Work order:
Wherever the string "attractor" shows up in the data below, copy the whole line.

(Beginning of Records for the task)

(* Let $\mu$ be a self-similar measure whose underlying attractor is a missing digit Cantor set. Then $\dim_{\ell^1}\mu=\dim^{\star}_{\ell^1}\mu$. The same holds when the attractor is a shifted missing digit Cantor set.
   Context: For $b\ge3$ and $D\subset\{0,\dots,b-1\}$ with $\#D\ge2$, the missing digit Cantor set $K_{b,D}$ is the attractor of the iterated function system $\{f_i(x)=\frac{x+i}{b}: i\in D\}$; for $x_0\in\mathbb{R}$ the shifted set $K_{b,D}+x_0$ is the attractor of $\{f_i(x)=\frac{x+i}{b}+x_0(1-\frac1b):i\in D\}$. A self-similar measure with such an attractor is the unique Borel probability measure $\mu$ with $\mu=\sum_{i\in D}p_i(f_i)_*\mu$ for a probability vector $(p_i)_{i\in D}$. $\widehat\mu(\xi)=\int e(\xi x)d\mu(x)$, $e(z)=\exp(2\pi iz)$; $\dim_{\ell^1}\mu=1-\inf\{s:\lim_{X\to\infty}X^{-s}\sum_{m\in\mathbb{Z},|m|\le X}|\widehat\mu(m)|=0\}$ and $\dim^{\star}_{\ell^1}\mu=1-\inf\{s:\lim_{X\to\infty}X^{-s}\sup_{0\le\theta\le1}\sum_{m\in\mathbb{Z},|m|\le X}|\widehat\mu(m+\theta)|=0\}$. *)

theory Defs
  imports "HOL-Probability.Probability"
begin

text \<open>Maps of the (possibly shifted) missing digit IFS:
  f_i(x) = (x + i)/b + x0 (1 - 1/b).\<close>
definition mdmap :: "nat \<Rightarrow> real \<Rightarrow> nat \<Rightarrow> real \<Rightarrow> real" where
  "mdmap b x0 i x = (x + real i) / real b + x0 * (1 - 1 / real b)"

definition self_similar_md :: "nat \<Rightarrow> nat set \<Rightarrow> real \<Rightarrow> (nat \<Rightarrow> real) \<Rightarrow> real measure \<Rightarrow> bool" where
  "self_similar_md b D x0 p \<mu> \<longleftrightarrow>
     sets \<mu> = sets borel \<and> prob_space \<mu> \<and>
     (\<forall>A\<in>sets borel. measure \<mu> A = (\<Sum>i\<in>D. p i * measure \<mu> (mdmap b x0 i -` A)))"

definition fourier :: "real measure \<Rightarrow> real \<Rightarrow> complex" where
  "fourier \<mu> \<xi> = (\<integral>x. cis (2 * pi * \<xi> * x) \<partial>\<mu>)"

definition l1sum :: "real measure \<Rightarrow> real \<Rightarrow> real \<Rightarrow> real" where
  "l1sum \<mu> \<theta> X = (\<Sum>m\<in>{m::int. \<bar>real_of_int m\<bar> \<le> X}. cmod (fourier \<mu> (real_of_int m + \<theta>)))"

definition dim_l1 :: "real measure \<Rightarrow> real" where
  "dim_l1 \<mu> = 1 - Inf {s::real. ((\<lambda>X. X powr (-s) * l1sum \<mu> 0 X) \<longlongrightarrow> 0) at_top}"

definition dim_l1_star :: "real measure \<Rightarrow> real" where
  "dim_l1_star \<mu> = 1 - Inf {s::real.
     ((\<lambda>X. X powr (-s) * (SUP \<theta>\<in>{0..1}. l1sum \<mu> \<theta> X)) \<longlongrightarrow> 0) at_top}"

end

theory Submission
  imports Defs "HOL-Library.Real_Mod" "HOL-Real_Asymp.Real_Asymp"
begin

text \<open>
  Self-similarity gives \<mu>^(\<xi>) = e(...) P(\<xi>/b) \<mu>^(\<xi>/b) with the digit polynomial P, hence
  |\<mu>^(\<xi>)| = |W(\<xi>)| |\<mu>^(\<xi>/N)| for N = b^k, where W is a trigonometric sum with frequencies
  in N^-1 \<int>. Take N comparable to X. Interpolating W from its values at 0, ..., N - 1 by the
  Dirichlet kernel bounds the sum of |\<mu>^(m + \<theta>)| over |m| <= X by O(log N) times the sum of
  |W(r)| over r < N, uniformly in \<theta>. Conversely |W(r)| |\<mu>^(r/N + t)| = |\<mu>^(r + t N)|. Since \<mu>
  lives on [x0, x0 + 1] with an atom at no more than one endpoint, \<mu>^ vanishes on no coset
  \<phi> + \<int>, and by compactness the sum of |\<mu>^(\<phi> + t)| over |t| <= T is at least some c > 0
  for all \<phi> in [0, 1]; hence c times the sum of |W(r)| is at most the unshifted sum up to
  (T + 1) N. So the shifted sums are dominated by O(log X) times the unshifted sums at scale O(X),
  and a logarithmic factor does not change the growth exponent.
\<close>

section \<open>Trigonometric sums and the Dirichlet kernel\<close>

definition trig_sum :: "(nat \<Rightarrow> complex) \<Rightarrow> nat \<Rightarrow> real \<Rightarrow> complex" where
  "trig_sum w N \<xi> = (\<Sum>J<N. w J * cis (2 * pi * \<xi> * real J / real N))"

definition dirichlet_kernel :: "nat \<Rightarrow> real \<Rightarrow> complex" where
  "dirichlet_kernel N t = (1 / of_nat N) * (\<Sum>J<N. cis (2 * pi * t * real J / real N))"

lemma trig_sum_periodic:
  assumes "N > 0"
  shows "trig_sum w N (\<xi> + of_int t * real N) = trig_sum w N \<xi>"
proof -
  have "cis (2 * pi * (\<xi> + of_int t * real N) * real J / real N) = cis (2 * pi * \<xi> * real J / real N)"
    for J
  proof -
    have "2 * pi * (\<xi> + of_int t * real N) * real J / real N
        = 2 * pi * \<xi> * real J / real N + 2 * pi * of_int (t * int J)"
      using assms by (simp add: field_simps)
    then show ?thesis by (simp add: cis_mult[symmetric])
  qed
  then show ?thesis unfolding trig_sum_def by simp
qed

lemma dirichlet_kernel_periodic:
  assumes "N > 0"
  shows "dirichlet_kernel N (t + of_int j * real N) = dirichlet_kernel N t"
  using trig_sum_periodic[OF assms, of "\<lambda>_. 1"] by (simp add: dirichlet_kernel_def trig_sum_def)

lemma sum_root_of_unity_powers_eq_0:
  fixes d :: int
  assumes "d \<noteq> 0" "\<bar>d\<bar> < int N"
  shows "(\<Sum>r<N. cis (2 * pi * real r * of_int d / real N)) = 0"
proof -
  define z where "z = cis (2 * pi * of_int d / real N)"
  have N: "real N > 0" using assms by simp
  have powers: "cis (2 * pi * real r * of_int d / real N) = z ^ r" for r
    unfolding z_def Complex.DeMoivre by (simp add: field_simps)
  have "z ^ N = cis (real N * (2 * pi * of_int d / real N))"
    unfolding z_def by (rule Complex.DeMoivre)
  also have "real N * (2 * pi * of_int d / real N) = 2 * pi * of_int d"
    using N by simp
  also have "cis \<dots> = 1" by (rule cis_multiple_2pi) simp
  finally have zN: "z ^ N = 1" .
  have "z \<noteq> 1"
  proof
    assume "z = 1"
    then obtain n :: int where "2 * pi * of_int d / real N = of_int n * (2 * pi)"
      unfolding z_def cis_eq_1_iff by blast
    then have "of_int d = of_int n * real N" using N by (simp add: field_simps)
    then have "d = n * int N" by (metis of_int_eq_iff of_int_mult of_int_of_nat_eq)
    with assms show False by (cases "n = 0") (auto simp: abs_mult)
  qed
  then show ?thesis using zN by (simp add: powers geometric_sum)
qed

lemma trig_sum_interpolation:
  assumes "N > 0"
  shows "trig_sum w N y = (\<Sum>r<N. trig_sum w N (real r) * dirichlet_kernel N (y - real r))"
proof -
  define e where "e t = cis (2 * pi * t / real N)" for t
  have e_add: "e a * e c = e (a + c)" for a c
    unfolding e_def cis_mult by (simp add: add_divide_distrib distrib_left)
  have e_trig: "cis (2 * pi * t * real J / real N) = e (t * real J)" for t J
    unfolding e_def by (simp add: mult.assoc)
  have e_orth: "(\<Sum>r<N. e (real r * (real J - real J'))) = (if J = J' then of_nat N else 0)"
    if "J < N" "J' < N" for J J'
    using that sum_root_of_unity_powers_eq_0[of "int J - int J'" N] unfolding e_def by (simp add: mult.assoc)
  have split: "e (real r * real J) * e ((y - real r) * real J')
      = e (y * real J') * e (real r * (real J - real J'))" for r J J'
    unfolding e_add by (rule arg_cong[where f=e]) (simp add: algebra_simps)
  have product: "(\<Sum>J<N. a J) * (c * (\<Sum>J'<N. d J')) = (\<Sum>J<N. \<Sum>J'<N. c * (a J * d J'))"
    for a d :: "nat \<Rightarrow> complex" and c
    unfolding sum_distrib_left[of c] sum_product by (simp only: mult_ac)
  have "(\<Sum>r<N. trig_sum w N (real r) * dirichlet_kernel N (y - real r))
      = (\<Sum>r<N. \<Sum>J<N. \<Sum>J'<N. w J / of_nat N * (e (y * real J') * e (real r * (real J - real J'))))"
    unfolding trig_sum_def dirichlet_kernel_def e_trig product
    by (intro sum.cong refl) (simp only: split[symmetric] mult_ac divide_inverse mult_1_left)
  also have "\<dots> = (\<Sum>J<N. \<Sum>J'<N. w J / of_nat N * e (y * real J') * (\<Sum>r<N. e (real r * (real J - real J'))))"
    unfolding sum_distrib_left
    by (subst sum.swap, rule sum.cong[OF refl], subst sum.swap) (simp add: mult_ac)
  also have "\<dots> = (\<Sum>J<N. \<Sum>J'<N. if J = J' then w J * e (y * real J) else 0)"
    using assms by (intro sum.cong refl) (simp add: e_orth)
  also have "\<dots> = trig_sum w N y"
    by (simp add: trig_sum_def e_trig)
  finally show ?thesis ..
qed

(End of Records for the task)

Reply:
(* Let $\mu$ be a self-similar measure whose underlying attractor is a missing digit Cantor set. Then $\dim_{\ell^1}\mu=\dim^{\star}_{\ell^1}\mu$. The same holds when the attractor is a shifted missing digit Cantor set.
   Context: For $b\ge3$ and $D\subset\{0,\dots,b-1\}$ with $\#D\ge2$, the missing digit Cantor set $K_{b,D}$ is the attractor of the iterated function system $\{f_i(x)=\frac{x+i}{b}: i\in D\}$; for $x_0\in\mathbb{R}$ the shifted set $K_{b,D}+x_0$ is the attractor of $\{f_i(x)=\frac{x+i}{b}+x_0(1-\frac1b):i\in D\}$. A self-similar measure with such an attractor is the unique Borel probability measure $\mu$ with $\mu=\sum_{i\in D}p_i(f_i)_*\mu$ for a probability vector $(p_i)_{i\in D}$. $\widehat\mu(\xi)=\int e(\xi x)d\mu(x)$, $e(z)=\exp(2\pi iz)$; $\dim_{\ell^1}\mu=1-\inf\{s:\lim_{X\to\infty}X^{-s}\sum_{m\in\mathbb{Z},|m|\le X}|\widehat\mu(m)|=0\}$ and $\dim^{\star}_{\ell^1}\mu=1-\inf\{s:\lim_{X\to\infty}X^{-s}\sup_{0\le\theta\le1}\sum_{m\in\mathbb{Z},|m|\le X}|\widehat\mu(m+\theta)|=0\}$. *)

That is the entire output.